Prof. Jayanth R. Varma’s Financial Markets Blog

A blog on financial markets and their regulation

More on Debt Management Office and the Reserve Bank of India

Sankt Ingen responds
to my previous piece
on this subject and asks what is it that the Debt Management Office
can do that the RBI cannot do. Sankt Ingen thinks that I am arguing
for fancy derivatives and similar stuff conjured up by bright young
MBAs. No, what I would like to see is very low brow stuff.

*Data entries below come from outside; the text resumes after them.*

(* Let $A\in\mathcal R$ and $F\in\mathcal S(A)$. Then (1) if $x\notin\mathcal A(A)$ then $I_F(x)>0$; (2) if $x\notin\mathcal A(A)$ and $T(x)\in\mathcal A(A)$ then $R_F(x)>0$.
   Context: $\Sigma=\{1,\dots,d\}^{\mathbb N}$, $T$ the left shift, metric $d(\omega,\nu)=\lambda^N$, $N=\min\{k:\omega_k\ne\nu_k\}$, $0<\lambda<1$. $m_A=\max\{\int A\,d\mu:\mu\ T\text{-invariant}\}$; $\mathcal M(A)$ the set of invariant probabilities attaining $m_A$. $\mathcal S(A)$ is the set of $\alpha$-Hölder calibrated sub-actions $F$, i.e. $F(x)=\max_{Ty=x}[F(y)+A(y)-m_A]$. $R_F(x)=F(Tx)-F(x)-A(x)+m_A\ge0$, $I_F(x)=\sum_{i\ge0}R_F(T^ix)$. $S_A(x,y)=\lim_{\epsilon\to0}\sup\{\sum_{i=0}^{n-1}[A(T^iz)-m_A]:n\in\mathbb N,\ T^nz=y,\ d(z,x)<\epsilon\}$; $\mathcal A(A)=\{x:S_A(x,x)=0\}$. $\mathcal R=\{A\in C^\alpha(\Sigma,\mathbb R):\mathcal M(A)=\{\mu\},\ \mathcal A(A)=\operatorname{supp}\mu\}$. *)

theory Defs
  imports "HOL-Probability.Probability"
begin

text \<open>Points of Sigma = {1..d}^N are sequences nat => 'a with a finite alphabet 'a
  (d = CARD('a)); coordinate 0 is the first symbol.\<close>

type_synonym 'a seq = "nat \<Rightarrow> 'a"

definition shift :: "'a seq \<Rightarrow> 'a seq" where
  "shift x = (\<lambda>n. x (Suc n))"

definition first_diff :: "'a seq \<Rightarrow> 'a seq \<Rightarrow> nat" where
  "first_diff x y = (LEAST k. x k \<noteq> y k)"

definition sdist :: "real \<Rightarrow> 'a seq \<Rightarrow> 'a seq \<Rightarrow> real" where
  "sdist lam x y = (if x = y then 0 else lam ^ first_diff x y)"

definition holder :: "real \<Rightarrow> real \<Rightarrow> ('a seq \<Rightarrow> real) \<Rightarrow> bool" where
  "holder lam \<alpha> f \<longleftrightarrow> (\<exists>C. \<forall>x y. \<bar>f x - f y\<bar> \<le> C * (sdist lam x y) powr \<alpha>)"

text \<open>The measurable space on Sigma: product sigma algebra (= Borel sigma algebra).\<close>
definition SM :: "'a seq measure" where
  "SM = PiM UNIV (\<lambda>_. count_space UNIV)"

definition invariant_prob :: "'a seq measure \<Rightarrow> bool" where
  "invariant_prob \<mu> \<longleftrightarrow> prob_space \<mu> \<and> sets \<mu> = sets SM \<and> distr \<mu> SM shift = \<mu>"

In an institution like the RBI that does something as high brow as
monetary policy and financial stability, the low brow job of peddling
government bonds will never be treated with respect and
seriousness. While the DMO whose sole job is to peddle those bonds
will I hope do that with the same professionalism that an FMCG company
brings to peddling toothpaste.

Yes, I mean that in all seriousness. The job of distributing
government bonds to every nook and corner of the country is as much a
matter of logistics, distribution and marketing as the selling of
detergents and toothpastes. In India (and in many other countries),
the system for distributing toothpastes is far superior to the system
of distributing government bonds (and many other financial
products).

Government bonds are a critical element of the asset allocation
strategies of individuals, companies and institutions. It is a scandal
that their effective distribution is restricted to a handful of elite
institutions.

This lack of diversity of participants is a key factor in the
underdevelopment of the government securities market in India. In
equities, when domestic retail investors are selling, maybe domestic
institutions are buying, and when both of them are selling, maybe
foreign institutions are buying. One wishes that foreign retail could
also participate and bring even greater variety to the market, but we
do have reasonable diversity of players. We did not have this
diversity in the late 1980s or early 1990s in Indian equities and the
markets then lacked the resilience that they have now. At the
slightest shock, the exchanges simply shut down the market to deal
with the imbalance.

When I look at government securities market today, it is just banks
(and LIC at the long end). All banks face the same liquidity shocks
and markets can therefore easily become highly one sided. At a deeper
level, banks are the wrong kind of buyers for long term government
bonds because of the asset liability mismatch. The real reason why
governments borrow from banks is the same as the reason why robbers
steal from banks – that is where the money is easily
available.

The government securities market today is not a market filled with
investors, hedgers and speculators with diverse liquidity needs and
different investment horizons. We have a crazy scheme of small savings
that completely fragments the market by segregating retail investors
in separate instruments altogether. Even the retail trading of
government securities themselves is segregated from the inter bank
market.

The biggest problem is that the RBI does not see investors in
government securities as its customers at all – the banks are
its wards and retail investors are just a nuisance to be segregated in
a tiny and separate corner of the market. I wrote a paper
on this five years ago.

I believe that with the right market design, India can and should
aspire for a government securities market that is deeper and more
liquid than that of the typical emerging market. I think in terms of
the size of the economy, the outstanding stock of rupee government
debt, the existence of a critical mass of financial intermediaries of
reasonable sophistication and the abundance of finance talent in the
country. Yet, the vibrancy that one sees in the equity market or the
commodity derivatives market is lacking in the government bond
market.

I hope that we will get a DMO with a low brow mandate of making
government securities as easy to buy as toothpastes and detergents. I
hope that such a low brow DMO will over a period of several years give
us a deep and vibrant government securities market. This may be a
misplaced hope, but hope is the last thing that I would like to
lose. Anybody who hoped in the 1980s to see a well functioning equity
market would have been dismissed as a day dreamer, but over two
decades, this has indeed come about. Maybe we can repeat that miracle
once again in the market for government securities.